Daniel Sternberg
Daniel Arie Sternberg (29 March 1913 – 26 August 2000) was a Polish conductor, pianist, composer, and educator. He lived and worked in Central and Eastern Europe until 1939, when he emigrated to the United States to escape World War II.[1]
Biography
Sternberg was born on 29 March 1913 in Lwów, Poland (now Lviv, Ukraine), also known then as Lemberg, Austria-Hungary. The son of music-loving parents, he began piano lessons at age five and later added the cello. He graduated at the top of his class from the Vienna Conservatory, where he studied conducting. Upon graduation, he became assistant conductor (under Fritz Stiedry) of the Leningrad Opera and the Leningrad Philharmonic Orchestra. It was in Leningrad, in 1935, that Sternberg first met cellist Lev Aronson, whom he recommended for the post of principal cellist.[2] It was also in Leningrad, in 1936, that he conducted the first performance outside Germany of Paul Hindemith's Mathis der Maler symphony. After serving as music director of the Tbilisi State Symphony Orchestra, he lived in Vienna, Riga, and Stockholm.

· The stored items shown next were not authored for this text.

(* Let $\mathcal T\in\Sigma^n$ be a text. The permutations $\pi,\bar\pi$ defined as $\pi(i)=\mathrm{ISA}[i]$ and $\bar\pi(i)=n-\mathrm{ISA}[i]+1$ for $i\in[n]$ are order-preserving for $\mathcal T$. Furthermore, $|\mathtt{st\text{-}lex}^-|\le r$ and $|\mathtt{st\text{-}lex}^+|\le r$.
   Context: A text is a string $\mathcal T\in\Sigma^n$ over an integer alphabet whose last symbol $\mathcal T[n]=\$$ occurs only there and is smallest. $\mathrm{ISA}[i]$ is the rank of the suffix $\mathcal T[i,n]$ among all suffixes of $\mathcal T$ in lexicographic order. A permutation $\pi:[n]\to[n]$ is order-preserving for $\mathcal T$ if for all $i,j\in[n-1]$, $\pi(i)<\pi(j)$ and $\mathcal T[i,i+1]=\mathcal T[j,j+1]$ imply $\pi(i+1)<\pi(j+1)$. For $i\ne j$, $\mathrm{rlce}(i,j)$ is the length of the longest common prefix of $\mathcal T[i,n]$ and $\mathcal T[j,n]$; $\mathrm{LPF}_\pi[i]=0$ if $\pi(i)=1$, else $\mathrm{LPF}_\pi[i]=\max_{\pi(j)<\pi(i)}\mathrm{rlce}(j,i)$; $\mathrm{PDA}_\pi$ is the set $\{i+\mathrm{LPF}_\pi[i]:i\in[n]\}$ sorted colexicographically by the prefixes $\mathcal T[1,j]$. $\mathtt{st\text{-}lex}^-=\mathrm{PDA}_\pi$ and $\mathtt{st\text{-}lex}^+=\mathrm{PDA}_{\bar\pi}$. $r$ is the number of maximal equal-letter runs in $\mathrm{BWT}(\mathcal T)$, obtained by sorting all rotations of $\mathcal T$ lexicographically and concatenating their last characters. *)

theory Defs
  imports Main "HOL-Library.List_Lexorder"
begin

text \<open>A text is a list T of naturals (integer alphabet), positions are 1-based:
  T[i] = T ! (i - 1), the suffix T[i,n] = drop (i - 1) T.
  Lists are compared lexicographically (List_Lexorder; a proper prefix is smaller).\<close>

definition is_text :: "nat list \<Rightarrow> bool" where
  "is_text T \<longleftrightarrow> T \<noteq> [] \<and> (\<forall>i < length T - 1. T ! i > last T)"

definition chr :: "nat list \<Rightarrow> nat \<Rightarrow> nat" where
  "chr T i = T ! (i - 1)"

definition suf :: "nat list \<Rightarrow> nat \<Rightarrow> nat list" where
  "suf T i = drop (i - 1) T"

definition ISA :: "nat list \<Rightarrow> nat \<Rightarrow> nat" where
  "ISA T i = card {j \<in> {1..length T}. suf T j < suf T i} + 1"

definition order_preserving :: "nat list \<Rightarrow> (nat \<Rightarrow> nat) \<Rightarrow> bool" where
  "order_preserving T \<pi> \<longleftrightarrow> bij_betw \<pi> {1..length T} {1..length T} \<and>
     (\<forall>i \<in> {1..length T - 1}. \<forall>j \<in> {1..length T - 1}.
        \<pi> i < \<pi> j \<and> chr T i = chr T j \<and> chr T (i+1) = chr T (j+1) \<longrightarrow> \<pi> (i+1) < \<pi> (j+1))"

fun lcp :: "'a list \<Rightarrow> 'a list \<Rightarrow> nat" where
  "lcp (x#xs) (y#ys) = (if x = y then Suc (lcp xs ys) else 0)"
| "lcp _ _ = 0"

definition rlce :: "nat list \<Rightarrow> nat \<Rightarrow> nat \<Rightarrow> nat" where
  "rlce T i j = lcp (suf T i) (suf T j)"

definition LPF :: "nat list \<Rightarrow> (nat \<Rightarrow> nat) \<Rightarrow> nat \<Rightarrow> nat" where
  "LPF T \<pi> i = (if \<pi> i = 1 then 0
     else Max {rlce T j i | j. j \<in> {1..length T} \<and> \<pi> j < \<pi> i})"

After the German invasion of Poland ignited World War II in the fall of 1939, Sternberg and his wife, the Romanian-born Felicitas Gobineau Sternberg, emigrated to the United States. Sternberg lived for a year in New York and then moved to Dallas, Texas, where he became head of the piano department and conductor of chorus and opera at the Hockaday Institute of Music (a short-lived division of the Hockaday School that operated only from 1937 to 1946). He joined the Baylor University School of Music in 1942 and was made its chair the following year. Shortly afterward he was given the newly created title of Dean. Sternberg founded the Baylor Symphony in 1944 and conducted it until he retired from teaching in 1980. In Waco, he founded the Waco Symphony in 1962 and conducted it until 1987.[3] When Lev Aronson came to the United States in 1948, he became principal cellist of the Dallas Symphony for almost twenty years, teacher of Lynn Harrell, Ralph Kirshbaum, and other prominent American cellists, and a close friend and ally of Sternberg, who lured him onto the Baylor faculty.
As a composer, Sternberg won a film music prize in Austria, a first prize for vocal composition from the Texas Federation of Music Clubs, and the Dallas Symphony Orchestra's Harold J. Abrams Memorial Award for his Concert Overture. In August 2009, the International Percy Grainger Society awarded him posthumously its 50th and final Grainger Medallion.[4] An accomplished linguist, he was fluent in several languages, and he created many opera translations, often collaborating with his wife, who was active as an opera director.
Sternberg died in Waco, Texas, on 26 August 2000.
References
- ↑ Oesterreichisches Musiklexikon online (Austrian Music Dictionary online)
- ↑ Frances Brent, The Lost Cellos of Lev Aronson (New York: Atlas & Co., 2009), p. 55.
- ↑ Lori Scott Fogelman, "Baylor Remembers Former Regent, Music Dean," Baylor University News (28 August 2000)
- ↑ Carl Hoover, "Former Baylor Dean posthumously given music-society honor," Waco Tribune-Herald, 17 August 2009.